- In service: 2026–present
- Manufacturer: Hitachi
- Replaced: 9000 series; 10000 series; 30000 series;
- Constructed: 2025–
- Entered service: 26 September 2026
- Number under construction: 40 vehicles (4 sets)
- Number built: 30 vehicles (3 sets)
- Formation: 10 cars per trainset
- Fleet numbers: 91001–
- Capacity: 1,390
- Operator: Tobu Railway
- Lines served: Tojo Line; Yūrakuchō Line; Fukutoshin Line; Tōyoko Line; Minatomirai Line;

Specifications
- Car body construction: Aluminium, double-skin
- Car length: 20,470 mm (67 ft 2 in) (end cars); 20,000 mm (65 ft 7 in) (intermediate cars);
- Width: 2,780 mm (9 ft 1 in)
- Height: 4,108.3 mm (13 ft 5.74 in)
- Doors: 4 per side
- Maximum speed: 110 km/h (68 mph)
- Weight: 293.5 t (288.9 long tons; 323.5 short tons)
- Traction system: 2-level SiC–VVVF
- Traction motors: TM25 three-phase induction motor
- Acceleration: 3.3 km/(h⋅s) (2.1 mph/s)
- Deceleration: 3.7 km/(h⋅s) (2.3 mph/s) (service); 4.5 km/(h⋅s) (2.8 mph/s) (emergency);
- Electric systems: 1,500 V DC
- Current collection: Overhead lines
- Braking system: Regenerative braking
- Safety systems: T-DATC, CS-ATC, ATO, T-ATS-P, TSP-ATS
- Track gauge: 1,067 mm (3 ft 6 in)

Notes/references
- Specifications:

= Tobu 90000 series =

Japanese electric multiple unit train type

The Tobu 90000 series (東武90000系, Tōbu 90000-kei) is a DC electric multiple unit (EMU) commuter train type on order by the private railway operator Tobu Railway in Japan. Seven ten-car sets are to be built to replace the ageing 9000 series fleet.

==Design==
The end cars feature a reverse slant design inspired by the Takasebune boat, with the front ends curving upwards from the lower part of the cars.

==Operations==
In addition to operating on the Tobu Tojo Line, the 90000 series sets will also be used for through-running services over the Tokyo Metro Yurakucho Line, Tokyo Metro Fukutoshin Line, Tokyu Toyoko Line and Minatomirai Line.

==Formation==
Sets are formed as shown below with four motored ("M") cars and six non-powered trailer ("T") cars.

| Car No. | 1 | 2 | 3 | 4 | 5 | 6 | 7 | 8 | 9 | 10 |
|---|---|---|---|---|---|---|---|---|---|---|
| Designation | Tc1 | M1 | T1 | M2 | T2 | T3 | M3 | T4 | M4 | Tc2 |
| Numbering | 91000 | 92000 | 93000 | 94000 | 95000 | 96000 | 97000 | 98000 | 99000 | 90000 |
| Capacity (total/seated) | 131/45 | 141/51 | 141/51 | 141/51 | 141/51 | 141/51 | 141/51 | 141/51 | 141/51 | 131/45 |
| Weight (t) | 29.3 | 32.3 | 27.5 | 32.3 | 25.0 | 25.7 | 32.3 | 27.5 | 32.4 | 29.2 |

- Cars 2, 4, 7, and 9 each have one single-arm pantograph.
- Each car has an accessible "free space".

==Interior==
Passenger accommodation consists of longitudinal seating throughout.
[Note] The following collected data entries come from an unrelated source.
text \<open>Divisibility by a monic integer polynomial can be tested over the complex numbers:
  the remainder of pseudo-division by a monic divisor is an integer polynomial.\<close>

lemma monic_dvd_of_cpoly_dvd:
  fixes R f :: "int poly"
  assumes monic: "lead_coeff R = 1" and dvd: "cpoly R dvd cpoly f"
  shows "R dvd f"
proof -
  have R0: "R \<noteq> 0" using monic by auto
  obtain q r where qr: "pseudo_divmod f R = (q, r)" by (cases "pseudo_divmod f R")
  have f: "f = R * q + r" using pseudo_divmod(1)[OF R0 qr] monic by simp
  have small: "r = 0 \<or> degree r < degree R" using pseudo_divmod(2)[OF R0 qr] .
  have "cpoly r = cpoly f - cpoly R * cpoly q" using f by (simp add: cpoly_add cpoly_mult)
  then have "cpoly R dvd cpoly r" using dvd by (simp add: dvd_diff)
  have "r = 0"
  proof (rule ccontr)
    assume "r \<noteq> 0"
    then have "cpoly r \<noteq> 0" by (simp add: map_poly_eq_0_iff)
    with \<open>cpoly R dvd cpoly r\<close> have "degree R \<le> degree r"
      using divides_degree by (fastforce simp: degree_map_poly)
    then show False using small \<open>r \<noteq> 0\<close> by simp
  qed
  then show ?thesis using f by simp
qed

lemma monom_minus_one_monic:
  assumes n: "n \<ge> 1"
  shows "degree (monom 1 n - 1 :: 'a::idom poly) = n" "lead_coeff (monom 1 n - 1 :: 'a poly) = 1"
proof -
  have "degree (monom (1::'a) n + (- 1)) = degree (monom (1::'a) n)"
    by (rule degree_add_eq_left) (use n in \<open>simp add: degree_monom_eq\<close>)
  then show deg: "degree (monom 1 n - 1 :: 'a poly) = n" by (simp add: degree_monom_eq)
  show "lead_coeff (monom 1 n - 1 :: 'a poly) = 1" unfolding deg using n by simp
qed

lemma qb_monic: "n \<ge> 1 \<Longrightarrow> lead_coeff (qb n) = 1"
  unfolding qb_def by (rule monom_minus_one_monic(2))

section \<open>Roots of unity and the complex factorisation of \<open>q\<^sup>n - 1\<close>\<close>

definition unity_root :: "nat \<Rightarrow> nat \<Rightarrow> complex" where
  "unity_root j m = cis (2 * pi * real j / real m)"

lemma unity_root_exp: "unity_root j m = exp (2 * of_real pi * \<i> * of_nat j / of_nat m)"
  unfolding unity_root_def cis_conv_exp by (simp add: field_simps)

text \<open>Over \<open>\<complex>\<close>, \<open>q\<^sup>n - 1\<close> is the product of \<open>q - \<zeta>\<close> over all \<open>n\<close>-th roots of unity \<open>\<zeta>\<close>:
  it is monic and has no repeated roots.\<close>

lemma monom_minus_one_roots:
  assumes n: "n \<ge> 1"
  shows "(monom 1 n - 1 :: complex poly) = (\<Prod>j<n. [:- unity_root j n, 1:])"
proof -
  define p :: "complex poly" where "p = monom 1 n - 1"
  have pz: "poly p z = z ^ n - 1" for z by (simp add: p_def poly_monom)
  have lc: "lead_coeff p = 1" unfolding p_def using monom_minus_one_monic[OF n] by simp
  have pd: "poly (pderiv p) z = of_nat n * z ^ (n - 1)" for z
    by (simp add: p_def pderiv_diff pderiv_monom poly_monom)
  have "rsquarefree p"
    unfolding rsquarefree_roots
  proof (intro allI notI)
    fix a assume "poly p a = 0 \<and> poly (pderiv p) a = 0"
    then have "a ^ n = 1" "of_nat n * a ^ (n - 1) = 0" using pz pd by auto
    moreover have "of_nat n \<noteq> (0::complex)" using n by simp
    ultimately show False using n by (cases n) auto
  qed
  then have "p = smult (lead_coeff p) (\<Prod>z|poly p z = 0. [:-z, 1:])"
    using complex_poly_decompose_rsquarefree by simp
  also have "{z. poly p z = 0} = {z. z ^ n = 1}" using pz by auto
  also have "\<dots> = (\<lambda>j. unity_root j n) ` {..<n}"
    using complex_roots_unity[OF n] unfolding unity_root_exp by auto
  also have "(\<Prod>z\<in>(\<lambda>j. unity_root j n) ` {..<n}. [:-z, 1:]) = (\<Prod>j<n. [:- unity_root j n, 1:])"
    by (rule prod.reindex_cong[where l="\<lambda>j. unity_root j n"])
       (use bij_betw_roots_unity[of n] in \<open>auto simp: bij_betw_def unity_root_exp\<close>)
  finally show ?thesis using lc p_def by simp
qed

definition cyclo_complex :: "nat \<Rightarrow> complex poly" where
  "cyclo_complex m = (\<Prod>j\<in>{j. j < m \<and> coprime j m}. [:- unity_root j m, 1:])"

lemma unity_root_rescale:
  assumes "d dvd n" "n \<ge> 1"
  shows "unity_root (j * (n div d)) n = unity_root j d"
proof -
  have d: "d \<ge> 1" using assms by (metis dvd_0_left_iff less_one not_le not_one_le_zero)
  have "real (n div d) = real n / real d" using assms(1) by (simp add: real_of_nat_div)
  then have "2 * pi * real (j * (n div d)) / real n = 2 * pi * real j / real d"
    using d assms(2) by (simp add: field_simps)
  then show ?thesis unfolding unity_root_def by simp
qed

text \<open>Every \<open>n\<close>-th root of unity \<open>\<zeta>\<^sup>i\<close> is, for exactly one \<open>d | n\<close>, a primitive \<open>d\<close>-th root
  \<open>\<zeta>\<^sub>d\<^sup>j\<close>: the index \<open>i < n\<close> corresponds to the pair \<open>(n / gcd i n, i / gcd i n)\<close>.\<close>

lemma primitive_roots_bij:
  assumes n: "(n::nat) \<ge> 1"
  shows "bij_betw (\<lambda>(d, j). j * (n div d))
           (SIGMA d:{d. d dvd n}. {j. j < d \<and> coprime j d}) {..<n}"
proof (rule bij_betwI')
  fix x y assume "x \<in> (SIGMA d:{d. d dvd n}. {j. j < d \<and> coprime j d})"
    and "y \<in> (SIGMA d:{d. d dvd n}. {j. j < d \<and> coprime j d})"
  then obtain d j d' j' where x: "x = (d, j)" "d dvd n" "j < d" "coprime j d"
    and y: "y = (d', j')" "d' dvd n" "j' < d'" "coprime j' d'" by auto
  show "((case x of (d, j) \<Rightarrow> j * (n div d)) = (case y of (d, j) \<Rightarrow> j * (n div d))) = (x = y)"
  proof
    assume "(case x of (d, j) \<Rightarrow> j * (n div d)) = (case y of (d, j) \<Rightarrow> j * (n div d))"
    then have e: "j * (n div d) = j' * (n div d')" using x y by simp
    obtain a b where a: "n = d * a" and b: "n = d' * b" using x(2) y(2) by blast
    have "d > 0" "d' > 0" using x(3) y(3) by auto
    have "n div d = a" using a \<open>d > 0\<close> by simp
    moreover have "n div d' = b" using b \<open>d' > 0\<close> by simp
    ultimately have na: "n div d = a" "n div d' = b" by simp_all
    have "j * n * d' = (j * a) * d * d'" using a by (simp add: ac_simps)
    also have "\<dots> = (j' * b) * d * d'" using e na by simp
    also have "\<dots> = j' * n * d" using b by (simp add: ac_simps)
    finally have cross: "j * d' = j' * d" using n by simp
    have "d dvd j * d'" using cross by simp
    then have "d dvd d'" using x(4) by (metis coprime_commute coprime_dvd_mult_right_iff mult.commute)
    moreover have "d' dvd j' * d" using cross by (metis dvd_triv_right)
    then have "d' dvd d" using y(4) by (metis coprime_commute coprime_dvd_mult_right_iff mult.commute)
    ultimately have "d = d'" by (simp add: dvd_antisym)
    then show "x = y" using cross x y \<open>d > 0\<close> by simp
  qed simp
next
  fix x assume "x \<in> (SIGMA d:{d. d dvd n}. {j. j < d \<and> coprime j d})"
  then obtain d j where x: "x = (d, j)" "d dvd n" "j < d" by auto
  obtain a where a: "n = d * a" using x(2) by blast
  have "a > 0" using a n by (metis gr0I mult_0_right not_one_le_zero)
  then have "j * a < d * a" using x(3) by simp
  then show "(case x of (d, j) \<Rightarrow> j * (n div d)) \<in> {..<n}" using x a by auto
next
  fix i assume i: "i \<in> {..<n}"
  define g where "g = gcd i n"
  have g0: "g > 0" using n g_def by simp
  have gn: "g dvd n" "g dvd i" by (simp_all add: g_def)
  define d where "d = n div g"
  define j where "j = i div g"
  have dn: "d dvd n" unfolding d_def using gn by (metis dvd_div_mult_self dvd_triv_left)
  have ndd: "n div d = g"
  proof -
    obtain c where c: "n = g * c" using gn(1) by blast
    have "c > 0" using c n by (metis gr0I mult_0_right not_one_le_zero)
    then show ?thesis unfolding d_def using c g0 by simp
  qed
  have jd: "j < d" unfolding j_def d_def
    using i gn g0 by (auto simp: div_less_iff_less_mult dvd_div_mult_self)
  have cop: "coprime j d" unfolding j_def d_def g_def using n by (intro div_gcd_coprime) simp
  have "j * (n div d) = i" using ndd gn unfolding j_def by simp
  then show "\<exists>x\<in>(SIGMA d:{d. d dvd n}. {j. j < d \<and> coprime j d}).
      i = (case x of (d, j) \<Rightarrow> j * (n div d))"
    using dn jd cop by (intro bexI[of _ "(d, j)"]) auto
qed

text \<open>Regrouping the roots of unity by their order: \<open>q\<^sup>n - 1 = \<Prod>\<^sub>d\<^sub>|\<^sub>n \<Phi>\<^sub>d\<close> over \<open>\<complex>\<close>.\<close>

lemma monom_minus_one_cyclo_complex:
  assumes n: "n \<ge> 1"
  shows "(monom 1 n - 1 :: complex poly) = (\<Prod>d\<in>{d. d dvd n}. cyclo_complex d)"
proof -
  have fin: "finite {d. d dvd n}" using n by (simp add: finite_divisors_nat)
  have "(\<Prod>d\<in>{d. d dvd n}. cyclo_complex d) =
      (\<Prod>(d, j)\<in>(SIGMA d:{d. d dvd n}. {j. j < d \<and> coprime j d}). [:- unity_root j d, 1:])"
    unfolding cyclo_complex_def using fin by (subst prod.Sigma) auto
  also have "\<dots> = (\<Prod>(d, j)\<in>(SIGMA d:{d. d dvd n}. {j. j < d \<and> coprime j d}).
      [:- unity_root (j * (n div d)) n, 1:])"
    by (intro prod.cong refl) (auto intro: unity_root_rescale[OF _ n, symmetric])
  also have "\<dots> = (\<Prod>i<n. [:- unity_root i n, 1:])"
    using prod.reindex_bij_betw[OF primitive_roots_bij[OF n], of "\<lambda>i. [:- unity_root i n, 1:]"]
    by (simp add: split_def)
  finally show ?thesis using monom_minus_one_roots[OF n] by simp
qed


section \<open>The integer cyclotomic polynomials\<close>

text \<open>\<open>\<Phi>\<^sub>m\<close> has integer coefficients and is monic: by induction on \<open>m\<close>, it is the quotient of
  \<open>q\<^sup>m - 1\<close> by the monic integer polynomial \<open>\<Prod>\<^sub>d\<^sub>|\<^sub>m\<^sub>,\<^sub>d\<^sub><\<^sub>m \<Phi>\<^sub>d\<close>.\<close>

lemma cyclo_complex_integral:
  "m \<ge> 1 \<Longrightarrow> \<exists>p. cpoly p = cyclo_complex m \<and> lead_coeff p = 1"
proof (induction m rule: less_induct)
  case (less m)
  define S where "S = {d. d dvd m \<and> d < m}"
  have "\<forall>d\<in>S. \<exists>p. cpoly p = cyclo_complex d \<and> lead_coeff p = 1"
  proof
    fix d assume "d \<in> S"
    then have "d < m" "d dvd m" unfolding S_def by auto
    moreover have "d \<ge> 1" using \<open>d dvd m\<close> less.prems by (cases "d = 0") auto
    ultimately show "\<exists>p. cpoly p = cyclo_complex d \<and> lead_coeff p = 1" using less.IH by blast
  qed
  then obtain f where f: "\<forall>d\<in>S. cpoly (f d) = cyclo_complex d \<and> lead_coeff (f d) = 1"
    by metis
  define R where "R = (\<Prod>d\<in>S. f d)"
  have monic: "lead_coeff R = 1" unfolding R_def lead_coeff_prod
    by (rule prod.neutral) (use f in blast)
  have cR: "cpoly R = (\<Prod>d\<in>S. cyclo_complex d)" unfolding R_def cpoly_prod
    by (rule prod.cong) (use f in auto)
  have "{d. d dvd m} = insert m S" unfolding S_def using less.prems by (auto dest: dvd_imp_le)
  then have split: "cpoly (qb m) = cyclo_complex m * cpoly R"
    unfolding cpoly_qb monom_minus_one_cyclo_complex[OF less.prems] cR S_def by simp
  then obtain Q where Q: "qb m = R * Q"
    using monic_dvd_of_cpoly_dvd[OF monic] by (metis dvdE dvd_triv_right)
  have "cpoly R \<noteq> 0" using monic by (auto simp: map_poly_eq_0_iff)
  moreover have "cpoly R * cpoly Q = cpoly R * cyclo_complex m"
    using Q split by (metis cpoly_mult mult.commute)
  ultimately have "cpoly Q = cyclo_complex m" by simp
  moreover have "lead_coeff Q = 1"
    using qb_monic[OF less.prems] monic Q by (simp add: lead_coeff_mult)
  ultimately show ?case by blast
qed

lemma cyclotomic_integral:
  assumes "m \<ge> 1"
  shows "cpoly (cyclotomic m) = cyclo_complex m" and "lead_coeff (cyclotomic m) = 1"
proof -
  obtain p where p: "cpoly p = cyclo_complex m" "lead_coeff p = 1"
    using cyclo_complex_integral[OF assms] by blast
  have "cyclotomic m = p" unfolding cyclotomic_def
  proof (rule the_equality)
    show "cpoly p = (\<Prod>j\<in>{j. j < m \<and> coprime j m}. [:- cis (2 * pi * real j / real m), 1:])"
      using p(1) unfolding cyclo_complex_def unity_root_def .
  next
    fix x assume "cpoly x = (\<Prod>j\<in>{j. j < m \<and> coprime j m}. [:- cis (2 * pi * real j / real m), 1:])"
    then show "x = p" using p(1) cpoly_inj unfolding cyclo_complex_def unity_root_def by simp
  qed
  then show "cpoly (cyclotomic m) = cyclo_complex m" "lead_coeff (cyclotomic m) = 1" using p by auto
qed

lemma cyclotomic_nonzero: "m \<ge> 1 \<Longrightarrow> cyclotomic m \<noteq> 0"
  using cyclotomic_integral(2) by fastforce

lemma qb_cyclotomic:
  assumes "n \<ge> 1"
  shows "qb n = (\<Prod>d\<in>{d. d dvd n}. cyclotomic d)"
proof (rule cpoly_inj)
  have "cpoly (\<Prod>d\<in>{d. d dvd n}. cyclotomic d) = (\<Prod>d\<in>{d. d dvd n}. cyclo_complex d)"
    unfolding cpoly_prod using assms
    by (intro prod.cong refl cyclotomic_integral(1)) (auto intro: Nat.gr0I)
  then show "cpoly (qb n) = cpoly (\<Prod>d\<in>{d. d dvd n}. cyclotomic d)"
    using monom_minus_one_cyclo_complex[OF assms] by (simp add: cpoly_qb)
qed

section \<open>Distinct cyclotomic polynomials are coprime in \<open>\<int>[q]\<close>\<close>

lemma root_cyclo_complex:
  assumes "poly (cyclo_complex m) z = 0"
  shows "\<exists>j. j < m \<and> coprime j m \<and> z = unity_root j m"
proof -
  have "(\<Prod>j\<in>{j. j < m \<and> coprime j m}. z - unity_root j m) = 0"
    using assms unfolding cyclo_complex_def by (simp add: poly_prod)
  then show ?thesis by (subst (asm) prod_zero_iff) auto
qed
Pairs of 17-inch LCD passenger information screens are installed above the doorways. LED lighting is used throughout.

==History==
Details of the new 90000 series trains on order were first announced on 26 March 2025. Tobu states that the 90000 series will consume over 40% less power than the 9000 series.

In November 2025, Tobu announced that the 90000 series would also replace 10000 and 30000 series trainsets, in addition to the 9000 series.

The first 90000 series set, 91001, was delivered from Hitachi's Kasado Works plant in February 2026.

The 90000 series is planned to enter service on 26 September 2026.

===Build histories===
The delivery dates for the fleet are as shown below.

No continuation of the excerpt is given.